Choose workflows with low downside first
Early adoption works best when the risk is manageable.
Good first workflows include:
- account research summaries
- call preparation briefs
- follow-up drafts from notes
- discovery question generation
- CRM note cleanup
- proposal outline structure
Higher-risk workflows should come later:
- pricing strategy
- final negotiation language
- sensitive customer communication
- legal or contract wording
- competitive claims
Start where AI can help without putting buyer trust at risk.
Make the workflow visible
If you are on a team, document the workflow once it works.
Capture:
- when to use it
- input required
- prompt template
- output expected
- review rule
- time saved
- example output
This helps teammates copy the workflow and helps managers coach adoption without turning AI into a vague productivity slogan.
Pair time savings with better selling
Do not measure only minutes saved.
Ask whether the workflow helped you:
- reach out with more relevance
- prepare better discovery questions
- follow up faster
- identify deal risk earlier
- keep CRM cleaner
- prioritise stronger accounts
- spend more time in live buyer conversations
Sales AI should improve selling behaviour, not just make admin less painful.
That is the standard for keeping a workflow.
If the workflow only creates faster low-quality activity, it is not helping sales.
The best workflow gives you back time and improves the next buyer interaction.
That combination is what makes adoption stick.
It also gives managers a practical coaching point.
Track the result
Measure the experiment.
For five days, track:
- how long the task used to take
- how long it took with AI
- whether output quality improved
- what still required manual editing
- whether the workflow was easy to repeat
- whether it affected a real sales action
At the end of the week, keep, refine, or discard the workflow.
Today's practice
Fill in your weekly time breakdown honestly. Run the prompt. Select one workflow.
Ask:
- Where am I spending time that does not require my full judgement?
- Which task repeats often enough to be worth systematising?

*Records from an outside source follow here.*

(*
  A vertex of H is a function assigning to every j < n a d-subset of [n] - {j}, and two
  vertices are adjacent iff they differ in exactly one coordinate; so H is a Hamming graph, its distance is the Hamming distance, and m_G is the
  uniform distribution on the closed unit ball around G, of size n(D-1)+1.

  Let G1, G2 be at distance k >= 2. Couple m_G1 with m_G2 by sending G1 to G2, by matching the
  neighbour G1(j := s) (s different from G1 j and G2 j) with G2(j := s), which is at distance
  k or k-1, and by spreading each of the k neighbours G1(i := G2 i) uniformly over the k-1
  neighbours G2(j := G1 j) with j ~= i, which are at distance k-2. For k = 1 instead G1 and G2
  stay put. In both cases the cost is k(n-1)(D-1)/(n(D-1)+1) <= k(1 - 1/n).
*)

section \<open>Transport plans\<close>

definition transport_cost :: "'a set \<Rightarrow> ('a \<Rightarrow> 'a \<Rightarrow> real) \<Rightarrow> ('a \<Rightarrow> 'a \<Rightarrow> real) \<Rightarrow> real" where
  "transport_cost V \<delta> A = (\<Sum>x\<in>V. \<Sum>y\<in>V. A x y * \<delta> x y)"

lemma transport_dist_le_cost:
  assumes "coupling V m1 m2 A" and "\<And>x y. x \<in> V \<Longrightarrow> y \<in> V \<Longrightarrow> 0 \<le> \<delta> x y"
  shows "transport_dist V \<delta> m1 m2 \<le> transport_cost V \<delta> A"
  unfolding transport_dist_def transport_cost_def
proof (rule cInf_lower)
  show "bdd_below {\<Sum>x\<in>V. \<Sum>y\<in>V. A x y * \<delta> x y |A. coupling V m1 m2 A}"
    using assms(2) by (intro bdd_belowI[of _ 0]) (auto simp: coupling_def intro!: sum_nonneg)
qed (use assms(1) in blast)

lemma coupling_add:
  assumes "coupling V m1 m2 A" and "coupling V m1' m2' A'"
  shows "coupling V (\<lambda>x. m1 x + m1' x) (\<lambda>y. m2 y + m2' y) (\<lambda>x y. A x y + A' x y)"
  using assms by (simp add: coupling_def sum.distrib)

lemma coupling_scale:
  assumes "coupling V m1 m2 A" and "0 \<le> c"
  shows "coupling V (\<lambda>x. c * m1 x) (\<lambda>y. c * m2 y) (\<lambda>x y. c * A x y)"
  using assms by (simp add: coupling_def sum_distrib_left[symmetric])

lemma coupling_cong:
  assumes "coupling V m1 m2 A"
    and "\<And>x. x \<in> V \<Longrightarrow> m1 x = m1' x" and "\<And>y. y \<in> V \<Longrightarrow> m2 y = m2' y"
  shows "coupling V m1' m2' A"
  using assms by (simp add: coupling_def)

lemma transport_cost_add:
  "transport_cost V \<delta> (\<lambda>x y. A x y + B x y) = transport_cost V \<delta> A + transport_cost V \<delta> B"
  by (simp add: transport_cost_def distrib_right sum.distrib)

lemma transport_cost_scale:
  "transport_cost V \<delta> (\<lambda>x y. c * A x y) = c * transport_cost V \<delta> A"
  by (simp add: transport_cost_def sum_distrib_left mult.assoc)

lemma transport_cost_eq_const:
  assumes "coupling V m1 m2 A" and "\<And>x y. x \<in> V \<Longrightarrow> y \<in> V \<Longrightarrow> A x y \<noteq> 0 \<Longrightarrow> \<delta> x y = c"
  shows "transport_cost V \<delta> A = c * (\<Sum>x\<in>V. m1 x)"
proof -
  have "transport_cost V \<delta> A = (\<Sum>x\<in>V. \<Sum>y\<in>V. c * A x y)"
    unfolding transport_cost_def using assms(2) by (intro sum.cong refl) (metis mult.commute mult_zero_left)
  also have "\<dots> = c * (\<Sum>x\<in>V. m1 x)"
    using assms(1) by (simp add: coupling_def sum_distrib_left[symmetric])
  finally show ?thesis .
qed

definition graph_plan :: "'a set \<Rightarrow> ('a \<Rightarrow> 'a) \<Rightarrow> 'a \<Rightarrow> 'a \<Rightarrow> real" where
  "graph_plan P f x y = of_bool (x \<in> P \<and> y = f x)"

lemma coupling_graph_plan:
  assumes "finite V" and f: "bij_betw f P Q" and "P \<subseteq> V" and "Q \<subseteq> V"
  shows "coupling V (\<lambda>x. of_bool (x \<in> P)) (\<lambda>y. of_bool (y \<in> Q)) (graph_plan P f)"
  unfolding coupling_def graph_plan_def
proof (intro conjI ballI)
  fix x assume "x \<in> V"
  show "(\<Sum>y\<in>V. of_bool (x \<in> P \<and> y = f x)) = (of_bool (x \<in> P) :: real)"
    using assms bij_betw_apply[OF f] by (cases "x \<in> P") (auto simp: subset_iff)
next
  fix y assume "y \<in> V"
  have "{x \<in> V. x \<in> P \<and> y = f x} = (if y \<in> Q then {inv_into P f y} else {})"
    using assms bij_betw_inv_into_right[OF f] bij_betw_inv_into_left[OF f]
      bij_betw_apply[OF bij_betw_inv_into[OF f]] bij_betw_apply[OF f] by auto
  then show "(\<Sum>x\<in>V. of_bool (x \<in> P \<and> y = f x)) = (of_bool (y \<in> Q) :: real)"
    using assms(1) by (simp add: sum.If_cases Int_def)
qed simp

lemma transport_cost_graph_plan:
  assumes "finite V" and "P \<subseteq> V" and "f ` P \<subseteq> V"
  shows "transport_cost V \<delta> (graph_plan P f) = (\<Sum>x\<in>P. \<delta> x (f x))"
proof -
  have "(\<Sum>y\<in>V. graph_plan P f x y * \<delta> x y) = (if x \<in> P then \<delta> x (f x) else 0)" for x
    using assms by (auto simp: graph_plan_def)
  then show ?thesis
    using assms by (simp add: transport_cost_def sum.If_cases Int_absorb1)
qed

definition cross_plan :: "'i set \<Rightarrow> ('i \<Rightarrow> 'a) \<Rightarrow> ('i \<Rightarrow> 'a) \<Rightarrow> 'a \<Rightarrow> 'a \<Rightarrow> real" where
  "cross_plan S a b x y = of_bool (\<exists>i\<in>S. \<exists>j\<in>S. i \<noteq> j \<and> x = a i \<and> y = b j) / (real (card S) - 1)"

lemma cross_plan_swap: "cross_plan S a b x y = cross_plan S b a y x"
proof -
  have "(\<exists>i\<in>S. \<exists>j\<in>S. i \<noteq> j \<and> x = a i \<and> y = b j) \<longleftrightarrow> (\<exists>i\<in>S. \<exists>j\<in>S. i \<noteq> j \<and> y = b i \<and> x = a j)"
    by metis
  then show ?thesis by (simp add: cross_plan_def)
qed

lemma sum_cross_plan:
  assumes "finite V" and "finite S" and "2 \<le> card S" and "inj_on a S" and "inj_on b S"
    and "b ` S \<subseteq> V"
  shows "(\<Sum>y\<in>V. cross_plan S a b x y) = of_bool (x \<in> a ` S)"
proof (cases "x \<in> a ` S")
  case True
  then obtain i where i: "i \<in> S" "x = a i" by blast
  have "V \<inter> {y. \<exists>i\<in>S. \<exists>j\<in>S. i \<noteq> j \<and> x = a i \<and> y = b j} = b ` (S - {i})"
  proof (intro equalityI subsetI)
    fix y assume "y \<in> V \<inter> {y. \<exists>i\<in>S. \<exists>j\<in>S. i \<noteq> j \<and> x = a i \<and> y = b j}"
    then obtain i' j where "i' \<in> S" "j \<in> S" "i' \<noteq> j" "a i = a i'" "y = b j"
      using i by auto
    then show "y \<in> b ` (S - {i})"
      using assms(4) i(1) by (auto dest: inj_onD)
  next
    fix y assume "y \<in> b ` (S - {i})"
    then obtain j where j: "j \<in> S" "i \<noteq> j" "y = b j"
      by blast
    then have "y \<in> V"
      using assms(6) by blast
    with i j show "y \<in> V \<inter> {y. \<exists>i\<in>S. \<exists>j\<in>S. i \<noteq> j \<and> x = a i \<and> y = b j}"
      by auto
  qed
  moreover have "card (b ` (S - {i})) = card S - 1"
    using i assms(2,5) by (simp add: card_image inj_on_diff)
  ultimately show ?thesis
    using True assms(1,3)
    by (simp add: cross_plan_def sum_divide_distrib[symmetric] of_nat_diff)
next
  case False
  then have "cross_plan S a b x y = 0" for y
    by (auto simp: cross_plan_def)
  with False show ?thesis
    by simp
qed
lemma bform_frame_generators:
  assumes n: "n \<ge> 3"
  shows "bform n (line_gen1 l) line_gen2 = 0" "bform n (line_gen1 l) (unit_vec (2*n-2)) = l"
    "bform n (unit_vec (2*n-3)) line_gen2 = 1" "bform n (unit_vec (2*n-3)) (unit_vec (2*n-2)) = 0"
    "bform n (line_gen1 l) line_gen3 = 0" "bform n (line_gen1 l) (unit_vec (2*n-1)) = 1"
    "bform n (unit_vec (2*n-3)) line_gen3 = 1" "bform n (unit_vec (2*n-3)) (unit_vec (2*n-1)) = 0"
    "bform n line_gen2 line_gen3 = 0" "bform n line_gen2 (unit_vec (2*n-1)) = 1"
    "bform n (unit_vec (2*n-2)) line_gen3 = 1" "bform n (unit_vec (2*n-2)) (unit_vec (2*n-1)) = 0"
  by (simp_all only: bform_core_vec[OF n] core_vec_line_gens core_vec_unit_vecs)
    (use n in \<open>auto simp: line_gen1_def line_gen2_def line_gen3_def unit_vec_def\<close>)

lemma frame1_lagrangian:
  assumes n: "n \<ge> 3" and l: "l \<noteq> 0"
  shows "unit_vec 0 \<in> lspan (take n (frame1 n l))" "unit_vec 1 \<in> lspan (take n (frame1 n l))"
proof -
  show e0: "unit_vec 0 \<in> lspan (take n (frame1 n l))"
    unfolding frame1_def using lag_frame_last[OF n] .
  have "unit_vec 1 = vscale (1 / l) (vadd (line_gen1 l) (vscale (-1) (unit_vec 0)))"
    using l by (auto simp: vadd_def vscale_def unit_vec_def line_gen1_def)
  moreover have "line_gen1 l \<in> lspan (take n (frame1 n l))"
    unfolding frame1_def by (rule lag_frame_first) (use n in simp)
  ultimately show "unit_vec 1 \<in> lspan (take n (frame1 n l))"
    using e0 by (simp add: lspan_vscale lspan_vadd)
qed

lemma frame2_lagrangian:
  assumes n: "n \<ge> 3"
  shows "unit_vec 0 \<in> lspan (take n (frame2 n :: (nat \<Rightarrow> 'a::field) list))"
    and "unit_vec 2 \<in> lspan (take n (frame2 n :: (nat \<Rightarrow> 'a) list))"
proof -
  show e0: "unit_vec 0 \<in> lspan (take n (frame2 n))"
    unfolding frame2_def using lag_frame_last[OF n] .
  have "(line_gen2 :: nat \<Rightarrow> 'a) \<in> lspan (take n (frame2 n))"
    unfolding frame2_def by (rule lag_frame_first) (use n in simp)
  then have "vadd (line_gen2 :: nat \<Rightarrow> 'a) (vscale (-1) (unit_vec 0)) \<in> lspan (take n (frame2 n))"
    using e0 by (intro lspan_vadd lspan_vscale)
  moreover have "vadd (line_gen2 :: nat \<Rightarrow> 'a) (vscale (-1) (unit_vec 0)) = unit_vec 2"
    by (auto simp: vadd_def vscale_def unit_vec_def line_gen2_def)
  ultimately show "unit_vec 2 \<in> lspan (take n (frame2 n :: (nat \<Rightarrow> 'a) list))" by (simp only:)
qed

lemma frame3_lagrangian:
  assumes n: "n \<ge> 3"
  shows "unit_vec 1 \<in> lspan (take n (frame3 n :: (nat \<Rightarrow> 'a::field) list))"
    and "unit_vec 2 \<in> lspan (take n (frame3 n :: (nat \<Rightarrow> 'a) list))"
proof -
  show e1: "unit_vec 1 \<in> lspan (take n (frame3 n))"
    unfolding frame3_def using lag_frame_last[OF n] .
  have "(line_gen3 :: nat \<Rightarrow> 'a) \<in> lspan (take n (frame3 n))"
    unfolding frame3_def by (rule lag_frame_first) (use n in simp)
  then have "vadd (line_gen3 :: nat \<Rightarrow> 'a) (vscale (-1) (unit_vec 1)) \<in> lspan (take n (frame3 n))"
    using e1 by (intro lspan_vadd lspan_vscale)
  moreover have "vadd (line_gen3 :: nat \<Rightarrow> 'a) (vscale (-1) (unit_vec 1)) = unit_vec 2"
    by (auto simp: vadd_def vscale_def unit_vec_def line_gen3_def)
  ultimately show "unit_vec 2 \<in> lspan (take n (frame3 n :: (nat \<Rightarrow> 'a) list))" by (simp only:)
qed
(* Let $n,k,\delta,\alpha$ be positive integers with $1\le\delta\le k$, $\delta+k\le n$ and $\alpha\ge2$. Then $$\mathcal B_q(n,k,\delta;\alpha)\ge(\alpha-1)\,q^{\max\{k,n-k\}(\min\{k,n-k\}-\delta+1)}.$$
   Context: An $\alpha$-$(n,k,\delta)_q^c$ covering Grassmannian code is a finite multiset of $k$-dimensional subspaces of $\mathbb F_q^n$ such that any $\alpha$ of its elements (taken with distinct indices) span a subspace of dimension at least $k+\delta$. $\mathcal B_q(n,k,\delta;\alpha)$ denotes the maximum size of such a code. *)

theory Defs
  imports Complex_Main "HOL-Library.Function_Algebras" "HOL-Library.Cardinality"
begin

text \<open>The ambient space F_q^n is modelled as the functions v :: nat => 'a (with 'a a finite
field, q = CARD('a)) that vanish at every index i >= n.  Scalar multiplication is pointwise.\<close>

definition fscale :: "'a::field \<Rightarrow> (nat \<Rightarrow> 'a) \<Rightarrow> (nat \<Rightarrow> 'a)" where
  "fscale c v = (\<lambda>i. c * v i)"

definition ambient :: "nat \<Rightarrow> (nat \<Rightarrow> 'a::field) set" where
  "ambient n = {v. \<forall>i\<ge>n. v i = 0}"

definition vdim :: "(nat \<Rightarrow> 'a::field) set \<Rightarrow> nat" where
  "vdim S = vector_space.dim fscale S"

definition is_k_subspace :: "nat \<Rightarrow> nat \<Rightarrow> (nat \<Rightarrow> 'a::field) set \<Rightarrow> bool" where
  "is_k_subspace n k U \<longleftrightarrow> U \<subseteq> ambient n \<and> module.subspace fscale U \<and> vdim U = k"
lemma freshest_arrived_attained:
  assumes "A j < t"
  obtains k where "A k < t" "S k = freshest_arrived"
proof -
  have "freshest_arrived \<in> S ` {k. A k < t}"
    unfolding freshest_arrived_def using finite_arrived assms by (intro Max_in) auto
  then show ?thesis using that by (metis (mono_tags) imageE mem_Collect_eq)
qed

lemma delivered_gen_times_subset:
  assumes "valid_path N (\<lambda>n. A) D" "n < N"
  shows "{S i | i. delivered_le D n i t} \<subseteq> S ` {k. A k < t}"
  using assms unfolding valid_path_def delivered_le_def by fastforce

lemma finite_delivered_gen_times:
  assumes "valid_path N (\<lambda>n. A) D" "n < N"
  shows "finite {S i | i. delivered_le D n i t}" "finite {S i | i. delivered_lt D n i t}"
  using finite_subset[OF delivered_gen_times_subset[OF assms]] finite_arrived
  by (auto intro: finite_subset[of _ "{S i | i. delivered_le D n i t}"] delivered_lt_imp_le)

lemma age_ge_freshest_arrived:
  assumes "valid_path N (\<lambda>n. A) D" "n < N" "\<exists>i. delivered_lt D n i t"
  shows "t - freshest_arrived \<le> age (\<lambda>n. S) D n t"
proof -
  have "Max {S i | i. delivered_le D n i t} \<le> freshest_arrived"
    using assms(3) finite_delivered_gen_times[OF assms(1,2)] le_freshest_arrived
      delivered_gen_times_subset[OF assms(1,2)]
    by (subst Max_le_iff) (auto dest: delivered_lt_imp_le)
  then show ?thesis unfolding age_def by simp
qed

lemma age_before_ge_freshest_arrived:
  assumes "valid_path N (\<lambda>n. A) D" "n < N" "\<exists>i. delivered_lt D n i t"
  shows "t - freshest_arrived \<le> age_before (\<lambda>n. S) D n t"
proof -
  have "{S i | i. delivered_lt D n i t} \<subseteq> {S i | i. delivered_le D n i t}"
    by (auto dest: delivered_lt_imp_le)
  then have "Max {S i | i. delivered_lt D n i t} \<le> Max {S i | i. delivered_le D n i t}"
    using assms(3) finite_delivered_gen_times[OF assms(1,2)] by (intro Max_mono) auto
  then have "age (\<lambda>n. S) D n t \<le> age_before (\<lambda>n. S) D n t"
    unfolding age_def age_before_def by simp
  then show ?thesis using age_ge_freshest_arrived[OF assms] by linarith
qed

context
  fixes N :: nat and D :: "nat \<Rightarrow> nat \<Rightarrow> real option" and n0 i0 :: nat
  assumes valid: "valid_path N (\<lambda>n. A) D"
    and maf_lgfs: "maf_lgfs_path N (\<lambda>n. S) (\<lambda>n. A) D"
    and n0: "n0 < N" "D n0 i0 = Some t"
    and initial: "\<forall>n<N. \<exists>i. delivered_lt D n i t"
begin

lemma maf_lgfs_delivery:
  "in_queue_before (\<lambda>n. A) D n0 i0 t"
  "\<And>m j. m < N \<Longrightarrow> in_queue_before (\<lambda>n. A) D m j t
     \<Longrightarrow> age_before (\<lambda>n. S) D m t \<le> age_before (\<lambda>n. S) D n0 t"
  "\<And>j. in_queue_before (\<lambda>n. A) D n0 j t \<Longrightarrow> S j \<le> S i0"
  using maf_lgfs n0 unfolding maf_lgfs_path_def by blast+

lemma maf_lgfs_freshest_attained:
  obtains k where "A k < t" "S k = freshest_arrived"
  using maf_lgfs_delivery(1) freshest_arrived_attained unfolding in_queue_before_def by blast

text \<open>A flow with nothing queued has already received the freshest arrived packet, so its age
  is the floor t - L, which the delivering flow's age is not below.\<close>
lemma maf_lgfs_delivers_max_age:
  assumes "n < N"
  shows "age_before (\<lambda>n. S) D n t \<le> age_before (\<lambda>n. S) D n0 t"
proof (cases "\<exists>j. in_queue_before (\<lambda>n. A) D n j t")
  case True
  then show ?thesis using maf_lgfs_delivery(2) assms by blast
next
  case False
  obtain k where k: "A k < t" "S k = freshest_arrived" by (rule maf_lgfs_freshest_attained)
  with False have "freshest_arrived \<in> {S i | i. delivered_lt D n i t}"
    unfolding in_queue_before_def by (auto intro!: exI[of _ k])
  then have "age_before (\<lambda>n. S) D n t \<le> t - freshest_arrived"
    using finite_delivered_gen_times[OF valid assms] unfolding age_before_def by simp
  also have "\<dots> \<le> age_before (\<lambda>n. S) D n0 t"
    using age_before_ge_freshest_arrived[OF valid] n0 initial by blast
  finally show ?thesis .
qed

text \<open>Either the freshest arrived packet was already delivered to flow n0, or it is queued and
  the delivered packet, being the last generated one of the flow, is at least as fresh.\<close>
lemma maf_lgfs_age_after_delivery: "age (\<lambda>n. S) D n0 t = t - freshest_arrived"
proof -
  let ?G = "{S i | i. delivered_le D n0 i t}"
  obtain k where k: "A k < t" "S k = freshest_arrived" by (rule maf_lgfs_freshest_attained)
  have fin: "finite ?G" using finite_delivered_gen_times[OF valid n0(1)] by simp
  have "freshest_arrived \<le> Max ?G"
  proof (cases "delivered_lt D n0 k t")
    case True
    then have "freshest_arrived \<in> ?G" using k by (auto dest: delivered_lt_imp_le intro!: exI[of _ k])
    then show ?thesis using fin by simp
  next
    case False
    then have "freshest_arrived \<le> S i0"
      using k maf_lgfs_delivery(3) unfolding in_queue_before_def by metis
    also have "S i0 \<le> Max ?G"
      using fin n0 by (intro Max_ge) (auto simp: delivered_le_def)
    finally show ?thesis .
  qed
  then show ?thesis
    using age_ge_freshest_arrived[OF valid] n0 initial unfolding age_def by fastforce
qed

end

end

theorem lemma2:
  fixes N :: nat and Sg Ag :: "nat \<Rightarrow> nat \<Rightarrow> real"
    and DP Dpi :: "nat \<Rightarrow> nat \<Rightarrow> real option" and t :: real
  assumes "N \<ge> 1"
    and sync: "synchronized Sg Ag"
    and gen_mono: "\<forall>n i j. i \<le> j \<longrightarrow> Sg n i \<le> Sg n j"
    and S_le_A: "\<forall>n i. Sg n i \<le> Ag n i"
    and fin_arr: "\<forall>n (s::real). finite {i. Ag n i \<le> s}"
    and validP: "valid_path N Ag DP"
    and validpi: "valid_path N Ag Dpi"
    and P1: "maf_lgfs_path N Sg Ag DP"
    and delP: "\<exists>n<N. \<exists>i. DP n i = Some t"
    and delpi: "\<exists>n<N. \<exists>i. Dpi n i = Some t"
    and initP: "\<forall>n<N. \<exists>i. delivered_lt DP n i t"
    and initpi: "\<forall>n<N. \<exists>i. delivered_lt Dpi n i t"
    and before: "\<forall>k\<in>{1..N}. kth_largest N (\<lambda>n. age_before Sg DP n t) k
                              \<le> kth_largest N (\<lambda>n. age_before Sg Dpi n t) k"
  shows "\<forall>k\<in>{1..N}. kth_largest N (\<lambda>n. age Sg DP n t) k
                     \<le> kth_largest N (\<lambda>n. age Sg Dpi n t) k"
proof -
  obtain S A where SA: "Sg = (\<lambda>n. S)" "Ag = (\<lambda>n. A)"
    using sync unfolding synchronized_def by (metis ext)
  have fin: "finite {k. A k < t}"
    using fin_arr SA by (auto intro: finite_subset[of _ "{i. A i \<le> t}"])
  obtain n0 i0 where n0: "n0 < N" "DP n0 i0 = Some t" using delP by blast
  obtain m j where m: "m < N" "Dpi m j = Some t" using delpi by blast
  note validP = validP[unfolded SA] and validpi = validpi[unfolded SA]
    and P1 = P1[unfolded SA]
  let ?L = "freshest_arrived S A t"
  have "count_ge N (\<lambda>n. age (\<lambda>n. S) DP n t) x \<le> count_ge N (\<lambda>n. age (\<lambda>n. S) Dpi n t) x"
    for x
  proof (rule count_ge_le_after_lowering_max[where p = n0 and q = m])
    show "\<forall>x. count_ge N (\<lambda>n. age_before (\<lambda>n. S) DP n t) x
              \<le> count_ge N (\<lambda>n. age_before (\<lambda>n. S) Dpi n t) x"
      using before unfolding SA kth_largest_le_iff_count_ge .
    show "\<forall>n<N. age_before (\<lambda>n. S) DP n t \<le> age_before (\<lambda>n. S) DP n0 t"
      using maf_lgfs_delivers_max_age[OF fin validP P1 n0 initP] by blast
    show "age (\<lambda>n. S) DP n0 t = t - ?L"
      by (rule maf_lgfs_age_after_delivery[OF fin validP P1 n0 initP])
    show "\<forall>n<N. n \<noteq> n0 \<longrightarrow> age (\<lambda>n. S) DP n t = age_before (\<lambda>n. S) DP n t"
      using age_eq_age_before_other_flow[OF validP _ n0] by blast
    show "\<forall>n<N. t - ?L \<le> age_before (\<lambda>n. S) DP n t"
      using age_before_ge_freshest_arrived[OF fin validP] initP by blast
    show "\<forall>n<N. n \<noteq> m \<longrightarrow> age (\<lambda>n. S) Dpi n t = age_before (\<lambda>n. S) Dpi n t"
      using age_eq_age_before_other_flow[OF validpi _ m] by blast
    show "\<forall>n<N. t - ?L \<le> age (\<lambda>n. S) Dpi n t"
      using age_ge_freshest_arrived[OF fin validpi] initpi by blast
  qed (rule n0)
  then show ?thesis unfolding SA kth_largest_le_iff_count_ge by blast
qed
end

- Which workflow has direct pipeline impact?
- What review step must remain human?
- How will I know whether this saved time?
By the end, you should have one practical AI workflow to test this week, not a vague intention to "use AI more."
Prompt of the day
Copy this into your AI tool and replace any bracketed placeholders.
Prompt
You are an AI implementation coach for B2B sales professionals. Help me identify where AI can save the most time in my weekly sales workflow. My role: [SDR / BDR / AE / ACCOUNT MANAGER / SALES LEADER / FOUNDER-SELLER] What I sell: [PRODUCT OR SERVICE] Target customer: [IDEAL CUSTOMER] Typical sales motion: [OUTBOUND / INBOUND / ENTERPRISE / MID-MARKET / SMB / PARTNER-LED] My weekly time breakdown: - Prospecting and list building: [X HOURS] - Account research and call prep: [X HOURS] - Writing outreach and follow-up: [X HOURS] - Discovery, demos, and customer calls: [X HOURS] - Proposal, quote, or business case work: [X HOURS] - CRM updates and sales admin: [X HOURS] - Internal meetings and deal reviews: [X HOURS] - Other: [DETAILS] Please produce: 1. An AI-leverage rating for each activity: High, Medium, or Low 2. The specific subtask where AI would help most in each category 3. The top three workflow opportunities ranked by time saved and revenue relevance 4. One workflow I should start with this week and why 5. A reusable prompt template for that workflow 6. A simple five-day adoption plan to test whether it actually saves time Be practical. Do not recommend automation where human judgement or buyer trust is the core value.
Your 15-minute task
Fill in the time breakdown honestly, run the prompt, and choose one workflow to use every working day this week.
Expected win
A practical AI priority map for your sales week, with one workflow selected for immediate adoption and a reusable prompt to test.
Power user tip
Track before-and-after time for the chosen workflow for five days. AI adoption becomes real when you can point to reclaimed time or better pipeline action.